= Beginning of Section =

(* Every regainingly approximable number is speedable.
   Context: A real $x$ is regainingly approximable if there is a computable non-decreasing sequence of rationals $(x_n)_n$ converging to $x$ with $x - x_n < 2^{-n}$ for infinitely many $n\in\mathbb{N}$. A left-computable real $x$ (i.e. limit of a computable non-decreasing sequence of rationals) is speedable if there exist $\rho\in(0,1)$ and a computable strictly increasing sequence of rationals $(x_n)_n$ converging to $x$ such that $\frac{x-x_{n+1}}{x-x_n}\le\rho$ for infinitely many $n\in\mathbb{N}$. *)

theory Defs
  imports Complex_Main
begin

text \<open>Total computable (recursive) functions on natural numbers: the closure of the
basic functions (zero, successor, projections) under composition, primitive
recursion and minimisation of regular functions (Kleene).  recfn n f means that
f, applied to argument lists of length n, is a total recursive function of arity n.\<close>

inductive recfn :: "nat \<Rightarrow> (nat list \<Rightarrow> nat) \<Rightarrow> bool" where
  rf_zero: "recfn n (\<lambda>xs. 0)"
| rf_succ: "recfn 1 (\<lambda>xs. Suc (hd xs))"
| rf_proj: "i < n \<Longrightarrow> recfn n (\<lambda>xs. xs ! i)"
| rf_comp: "recfn m f \<Longrightarrow> length gs = m \<Longrightarrow> (\<forall>g\<in>set gs. recfn n g)
            \<Longrightarrow> recfn n (\<lambda>xs. f (map (\<lambda>g. g xs) gs))"
| rf_prim: "recfn n f \<Longrightarrow> recfn (Suc (Suc n)) g
            \<Longrightarrow> recfn (Suc n) (\<lambda>xs. rec_nat (f (tl xs)) (\<lambda>y r. g (y # r # tl xs)) (hd xs))"
| rf_min: "recfn (Suc n) g \<Longrightarrow> (\<forall>xs. length xs = n \<longrightarrow> (\<exists>y. g (y # xs) = 0))
            \<Longrightarrow> recfn n (\<lambda>xs. LEAST y. g (y # xs) = 0)"

definition computable_nat_fun :: "(nat \<Rightarrow> nat) \<Rightarrow> bool" where
  "computable_nat_fun f \<longleftrightarrow> (\<exists>F. recfn 1 F \<and> (\<forall>k. f k = F [k]))"

definition computable_rat_seq :: "(nat \<Rightarrow> rat) \<Rightarrow> bool" where
  "computable_rat_seq q \<longleftrightarrow> (\<exists>a b c. computable_nat_fun a \<and> computable_nat_fun b \<and>
      computable_nat_fun c \<and> (\<forall>n. q n = (of_nat (a n) - of_nat (b n)) / of_nat (c n + 1)))"

definition left_computable :: "real \<Rightarrow> bool" where
  "left_computable x \<longleftrightarrow> (\<exists>q. computable_rat_seq q \<and> mono q \<and>
      (\<lambda>n. real_of_rat (q n)) \<longlonglongrightarrow> x)"

definition regainingly_approximable :: "real \<Rightarrow> bool" where
  "regainingly_approximable x \<longleftrightarrow> (\<exists>q. computable_rat_seq q \<and> mono q \<and>
      (\<lambda>n. real_of_rat (q n)) \<longlonglongrightarrow> x \<and>
      infinite {n. x - real_of_rat (q n) < 2 powi (- int n)})"

definition speedable :: "real \<Rightarrow> bool" where
  "speedable x \<longleftrightarrow> left_computable x \<and> (\<exists>\<rho> q. 0 < \<rho> \<and> \<rho> < 1 \<and>
      computable_rat_seq q \<and> strict_mono q \<and> (\<lambda>n. real_of_rat (q n)) \<longlonglongrightarrow> x \<and>
      infinite {n. (x - real_of_rat (q (Suc n))) / (x - real_of_rat (q n)) \<le> \<rho>})"

end

theory Submission
  imports Defs "HOL-Library.Infinite_Set"
begin

text \<open>Let \<open>q\<close> be a nondecreasing approximation of \<open>x\<close> with \<open>x - q m < 2^-m\<close> for
  infinitely many \<open>m\<close>, and put \<open>p n = q (2n) - 2^-n\<close>; this is strictly increasing and
  converges to \<open>x\<close>. Always \<open>x - p n \<ge> 2^-n\<close>, while for \<open>n = m div 2\<close> with \<open>m\<close> as above
  \<open>x - p (n+1) \<le> (x - q m) + 2^-(n+1) \<le> 2^-2n + 2^-(n+1) \<le> (3/4) 2^-n\<close> once \<open>n \<ge> 2\<close>.
  So the ratio \<open>(x - p (n+1)) / (x - p n)\<close> is at most \<open>3/4\<close> infinitely often.\<close>

lemma recfn_const_Suc0: "recfn n (\<lambda>xs. Suc 0)"
proof -
  have "recfn n (\<lambda>xs. (\<lambda>xs. Suc (hd xs)) (map (\<lambda>g. g xs) [\<lambda>xs. 0]))"
    by (rule rf_comp[OF rf_succ]) (auto intro: rf_zero)
  then show ?thesis by simp
qed

lemma recfn2_add: "\<exists>A. recfn 2 A \<and> (\<forall>a b. A [a, b] = a + b)"
proof -
  have "recfn (Suc (Suc 1)) (\<lambda>xs. (\<lambda>xs. Suc (hd xs)) (map (\<lambda>g. g xs) [\<lambda>xs. xs ! 1]))"
    by (rule rf_comp[OF rf_succ]) (auto intro: rf_proj)
  from rf_prim[OF rf_proj this]
  have "recfn 2 (\<lambda>xs. rec_nat (tl xs ! 0) (\<lambda>y r. Suc r) (hd xs))"
    by (simp add: numeral_eq_Suc)
  moreover have "rec_nat b (\<lambda>y r. Suc r) a = a + b" for a b :: nat
    by (induction a) auto
  ultimately show ?thesis by auto
qed

lemma recfn2_mult: "\<exists>M. recfn 2 M \<and> (\<forall>a b. M [a, b] = a * b)"
proof -
  obtain A where A: "recfn 2 A" "\<And>a b. A [a, b] = a + b" using recfn2_add by blast
  have "recfn (Suc (Suc 1)) (\<lambda>xs. A (map (\<lambda>g. g xs) [\<lambda>xs. xs ! 1, \<lambda>xs. xs ! 2]))"
    by (rule rf_comp[OF A(1)]) (auto intro: rf_proj)
  from rf_prim[OF rf_zero this]
  have "recfn 2 (\<lambda>xs. rec_nat 0 (\<lambda>y r. A [r, tl xs ! 0]) (hd xs))"
    by (simp add: numeral_eq_Suc)
  moreover have "rec_nat 0 (\<lambda>y r. A [r, b]) a = a * b" for a b :: nat
    by (induction a) (auto simp: A(2))
  ultimately show ?thesis by auto
qed

lemma computable_nat_fun_binop:
  assumes "recfn 2 H" "\<And>a b. H [a, b] = h a b"
    and "computable_nat_fun f" "computable_nat_fun g"
  shows "computable_nat_fun (\<lambda>k. h (f k) (g k))"
proof -
  obtain F G where F: "recfn 1 F" "\<And>k. f k = F [k]" and G: "recfn 1 G" "\<And>k. g k = G [k]"
    using assms(3,4) unfolding computable_nat_fun_def by blast
  have "recfn 1 (\<lambda>xs. H (map (\<lambda>g. g xs) [F, G]))"
    using F(1) G(1) by (intro rf_comp[OF assms(1)]) auto
  then show ?thesis unfolding computable_nat_fun_def by (auto simp: assms(2) F G)
qed

lemma computable_nat_fun_add:
  "computable_nat_fun f \<Longrightarrow> computable_nat_fun g \<Longrightarrow> computable_nat_fun (\<lambda>k. f k + g k)"
  using recfn2_add computable_nat_fun_binop by blast

lemma computable_nat_fun_mult:
  "computable_nat_fun f \<Longrightarrow> computable_nat_fun g \<Longrightarrow> computable_nat_fun (\<lambda>k. f k * g k)"
  using recfn2_mult computable_nat_fun_binop by blast

lemma computable_nat_fun_comp:
  assumes "computable_nat_fun f" "computable_nat_fun g"
  shows "computable_nat_fun (\<lambda>k. f (g k))"
proof -
  obtain F G where F: "recfn 1 F" "\<And>k. f k = F [k]" and G: "recfn 1 G" "\<And>k. g k = G [k]"
    using assms unfolding computable_nat_fun_def by blast
  have "recfn 1 (\<lambda>xs. F (map (\<lambda>g. g xs) [G]))"
    using G(1) by (intro rf_comp[OF F(1)]) auto
  then show ?thesis unfolding computable_nat_fun_def by (auto simp: F G)
qed

lemma computable_nat_fun_id: "computable_nat_fun (\<lambda>k. k)"
  unfolding computable_nat_fun_def by (intro exI[of _ "\<lambda>xs. xs ! 0"]) (auto intro: rf_proj)

lemma computable_nat_fun_const_0: "computable_nat_fun (\<lambda>k. 0)"
  unfolding computable_nat_fun_def using rf_zero by blast

lemma computable_nat_fun_const_1: "computable_nat_fun (\<lambda>k. 1)"
  unfolding computable_nat_fun_def using recfn_const_Suc0 by auto

lemma computable_nat_fun_pred: "computable_nat_fun (\<lambda>k. k - 1)"
proof -
  have "recfn (Suc (Suc 0)) (\<lambda>xs. xs ! 0)" by (rule rf_proj) simp
  from rf_prim[OF rf_zero this] have "recfn 1 (\<lambda>xs. rec_nat 0 (\<lambda>y r. y) (hd xs))" by simp
  moreover have "rec_nat 0 (\<lambda>y r. y) k = k - 1" for k :: nat by (cases k) auto
  ultimately show ?thesis unfolding computable_nat_fun_def by auto
qed

lemma computable_nat_fun_power2: "computable_nat_fun (\<lambda>k. 2 ^ k)"
proof -
  obtain A where A: "recfn 2 A" "\<And>a b. A [a, b] = a + b" using recfn2_add by blast
  have "recfn (Suc (Suc 0)) (\<lambda>xs. A (map (\<lambda>g. g xs) [\<lambda>xs. xs ! 1, \<lambda>xs. xs ! 1]))"
    by (rule rf_comp[OF A(1)]) (auto intro: rf_proj)
  from rf_prim[OF recfn_const_Suc0 this]
  have "recfn 1 (\<lambda>xs. rec_nat (Suc 0) (\<lambda>y r. A [r, r]) (hd xs))" by simp
  moreover have "rec_nat (Suc 0) (\<lambda>y r. A [r, r]) k = 2 ^ k" for k :: nat
    by (induction k) (auto simp: A(2))
  ultimately show ?thesis unfolding computable_nat_fun_def by auto
qed

lemma computable_rat_seq_comp:
  assumes "computable_rat_seq q" "computable_nat_fun f"
  shows "computable_rat_seq (\<lambda>n. q (f n))"
  using assms computable_nat_fun_comp unfolding computable_rat_seq_def by metis

lemma computable_rat_seq_inverse_power2: "computable_rat_seq (\<lambda>n. 1 / 2 ^ n)"
proof -
  have "(1 / 2 ^ n :: rat) = (of_nat 1 - of_nat 0) / of_nat (2 ^ n - 1 + 1)" for n
    by simp
  then show ?thesis unfolding computable_rat_seq_def
    using computable_nat_fun_const_0 computable_nat_fun_const_1
      computable_nat_fun_comp[OF computable_nat_fun_pred computable_nat_fun_power2]
    by blast
qed

lemma diff_frac_succ_denominators:
  fixes c c' :: "'a::linordered_field"
  assumes "c \<ge> 0" "c' \<ge> 0"
  shows "(a - b) / (c + 1) - (a' - b') / (c' + 1) =
    ((a * c' + a + b' * c + b') - (b * c' + b + a' * c + a')) / (c * c' + c + c' + 1)"
proof -
  have "c + 1 \<noteq> 0" "c' + 1 \<noteq> 0" "c * c' + c + c' + 1 = (c + 1) * (c' + 1)"
    using assms by (auto simp: algebra_simps)
  then show ?thesis by (simp add: diff_frac_eq) (simp add: algebra_simps)
qed

lemma computable_rat_seq_diff:
  assumes "computable_rat_seq q" "computable_rat_seq r"
  shows "computable_rat_seq (\<lambda>n. q n - r n)"
proof -
  obtain a b c where abc: "computable_nat_fun a" "computable_nat_fun b" "computable_nat_fun c"
    "\<And>n. q n = (of_nat (a n) - of_nat (b n)) / of_nat (c n + 1)"
    using assms(1) unfolding computable_rat_seq_def by blast
  obtain a' b' c' where abc': "computable_nat_fun a'" "computable_nat_fun b'" "computable_nat_fun c'"
    "\<And>n. r n = (of_nat (a' n) - of_nat (b' n)) / of_nat (c' n + 1)"
    using assms(2) unfolding computable_rat_seq_def by blast
  note closure = computable_nat_fun_add computable_nat_fun_mult
  have A: "computable_nat_fun (\<lambda>n. a n * c' n + a n + b' n * c n + b' n)"
    and B: "computable_nat_fun (\<lambda>n. b n * c' n + b n + a' n * c n + a' n)"
    and C: "computable_nat_fun (\<lambda>n. c n * c' n + c n + c' n)"
    by (intro closure abc abc')+
  have "q n - r n = (of_nat (a n * c' n + a n + b' n * c n + b' n)
      - of_nat (b n * c' n + b n + a' n * c n + a' n)) / of_nat (c n * c' n + c n + c' n + 1)" for n
    unfolding abc(4) abc'(4) of_nat_add of_nat_mult of_nat_1
    by (rule diff_frac_succ_denominators) simp_all
  then show ?thesis unfolding computable_rat_seq_def using A B C by blast
qed

definition speedup_seq :: "(nat \<Rightarrow> 'a::field) \<Rightarrow> nat \<Rightarrow> 'a" where
  "speedup_seq q n = q (2 * n) - (1 / 2) ^ n"

lemma computable_rat_seq_speedup_seq:
  assumes "computable_rat_seq q"
  shows "computable_rat_seq (speedup_seq q)"
proof -
  have "computable_nat_fun (\<lambda>n. 2 * n)"
    using computable_nat_fun_add[OF computable_nat_fun_id computable_nat_fun_id] by (simp add: mult_2)
  from computable_rat_seq_comp[OF assms this]
  have "computable_rat_seq (\<lambda>n. q (2 * n) - 1 / 2 ^ n)"
    by (rule computable_rat_seq_diff[OF _ computable_rat_seq_inverse_power2])
  then show ?thesis unfolding speedup_seq_def[abs_def] power_one_over .
qed

lemma of_rat_speedup_seq: "real_of_rat (speedup_seq q n) = speedup_seq (\<lambda>n. real_of_rat (q n)) n"
  by (simp add: speedup_seq_def of_rat_diff of_rat_power of_rat_divide)

lemma strict_mono_speedup_seq:
  fixes q :: "nat \<Rightarrow> 'a::linordered_field"
  assumes "mono q"
  shows "strict_mono (speedup_seq q)"
proof (rule strict_mono_Suc_iff[THEN iffD2], intro allI)
  fix n
  have "q (2 * n) \<le> q (2 * Suc n)" using assms unfolding mono_def by simp
  moreover have "(1 / 2) ^ Suc n < ((1 / 2) ^ n :: 'a)" by (simp add: field_simps)
  ultimately show "speedup_seq q n < speedup_seq q (Suc n)" unfolding speedup_seq_def by linarith
qed

lemma speedup_seq_tendsto:
  fixes q :: "nat \<Rightarrow> real"
  assumes "q \<longlonglongrightarrow> x"
  shows "speedup_seq q \<longlonglongrightarrow> x"
proof -
  have "(\<lambda>n. q (2 * n)) \<longlonglongrightarrow> x"
    using LIMSEQ_subseq_LIMSEQ[OF assms, of "\<lambda>n. 2 * n"] by (simp add: strict_mono_def o_def)
  from tendsto_diff[OF this LIMSEQ_power_zero[of "1 / 2 :: real"]] show ?thesis
    unfolding speedup_seq_def[abs_def] by simp
qed

lemma speedup_seq_ratio_le:
  fixes q :: "nat \<Rightarrow> real"
  assumes "incseq q" "\<And>k. q k \<le> x" "m \<ge> 4" "x - q m < 2 powi - int m"
  defines "n \<equiv> m div 2"
  shows "(x - speedup_seq q (Suc n)) / (x - speedup_seq q n) \<le> 3 / 4"
proof -
  define e :: real where "e = (1 / 2) ^ n"
  have "e > 0" unfolding e_def by simp
  have "e \<le> (1 / 2) ^ 2" unfolding e_def
    by (rule power_decreasing) (use assms(3) n_def in auto)
  have "(2::real) powi - int m = (1 / 2) ^ m"
    by (simp add: power_int_minus power_one_over inverse_eq_divide)
  also have "\<dots> \<le> (1 / 2) ^ (2 * n)"
    by (rule power_decreasing) (auto simp: n_def)
  also have "\<dots> = e * e" unfolding e_def by (simp add: power_mult power2_eq_square mult.commute)
  also have "\<dots> \<le> e / 4" using \<open>e > 0\<close> \<open>e \<le> (1 / 2) ^ 2\<close> by (simp add: power2_eq_square)
  finally have regain: "x - q m < e / 4" using assms(4) by simp
  have "q m \<le> q (2 * Suc n)" using assms(1) unfolding incseq_def n_def by simp
  then have "x - speedup_seq q (Suc n) \<le> 3 / 4 * e"
    using regain unfolding speedup_seq_def e_def by simp
  moreover have "x - speedup_seq q n \<ge> e"
    using assms(2)[of "2 * n"] unfolding speedup_seq_def e_def by simp
  ultimately show ?thesis using \<open>e > 0\<close> by (simp add: divide_le_eq)
qed

lemma speedup_seq_ratio_le_infinitely_often:
  fixes q :: "nat \<Rightarrow> real"
  assumes "incseq q" "q \<longlonglongrightarrow> x" "infinite {m. x - q m < 2 powi - int m}"
  shows "infinite {n. (x - speedup_seq q (Suc n)) / (x - speedup_seq q n) \<le> 3 / 4}"
  unfolding infinite_nat_iff_unbounded_le
proof
  fix N
  obtain m where "m \<ge> 2 * N + 4" "x - q m < 2 powi - int m"
    using assms(3) unfolding infinite_nat_iff_unbounded_le by blast
  with speedup_seq_ratio_le[OF assms(1) incseq_le[OF assms(1,2)]]
  show "\<exists>n\<ge>N. n \<in> {n. (x - speedup_seq q (Suc n)) / (x - speedup_seq q n) \<le> 3 / 4}"
    by (intro exI[of _ "m div 2"]) auto
qed

theorem proposition5p2:
  fixes x :: real
  assumes "regainingly_approximable x"
  shows "speedable x"
proof -
  obtain q where q: "computable_rat_seq q" "mono q" "(\<lambda>n. real_of_rat (q n)) \<longlonglongrightarrow> x"
    "infinite {n. x - real_of_rat (q n) < 2 powi (- int n)}"
    using assms unfolding regainingly_approximable_def by blast
  have "incseq (\<lambda>n. real_of_rat (q n))"
    using q(2) unfolding mono_def incseq_def by (simp add: of_rat_less_eq)
  then have "infinite {n. (x - real_of_rat (speedup_seq q (Suc n)))
      / (x - real_of_rat (speedup_seq q n)) \<le> 3 / 4}"
    unfolding of_rat_speedup_seq using speedup_seq_ratio_le_infinitely_often q(3,4) by blast
  moreover have "(\<lambda>n. real_of_rat (speedup_seq q n)) \<longlonglongrightarrow> x"
    unfolding of_rat_speedup_seq by (rule speedup_seq_tendsto[OF q(3)])
  moreover have "left_computable x" unfolding left_computable_def using q by blast
  ultimately show ?thesis unfolding speedable_def
    using computable_rat_seq_speedup_seq[OF q(1)] strict_mono_speedup_seq[OF q(2)]
    by (intro conjI exI[of _ "3 / 4 :: real"] exI[of _ "speedup_seq q"]) auto
qed

end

= End of Section =

Requirement:
Write out, word for word, the line that contains "using q by blast" and every line after it through the last line of the listing.

Written answer:
  moreover have "left_computable x" unfolding left_computable_def using q by blast
  ultimately show ?thesis unfolding speedable_def
    using computable_rat_seq_speedup_seq[OF q(1)] strict_mono_speedup_seq[OF q(2)]
    by (intro conjI exI[of _ "3 / 4 :: real"] exI[of _ "speedup_seq q"]) auto
qed

end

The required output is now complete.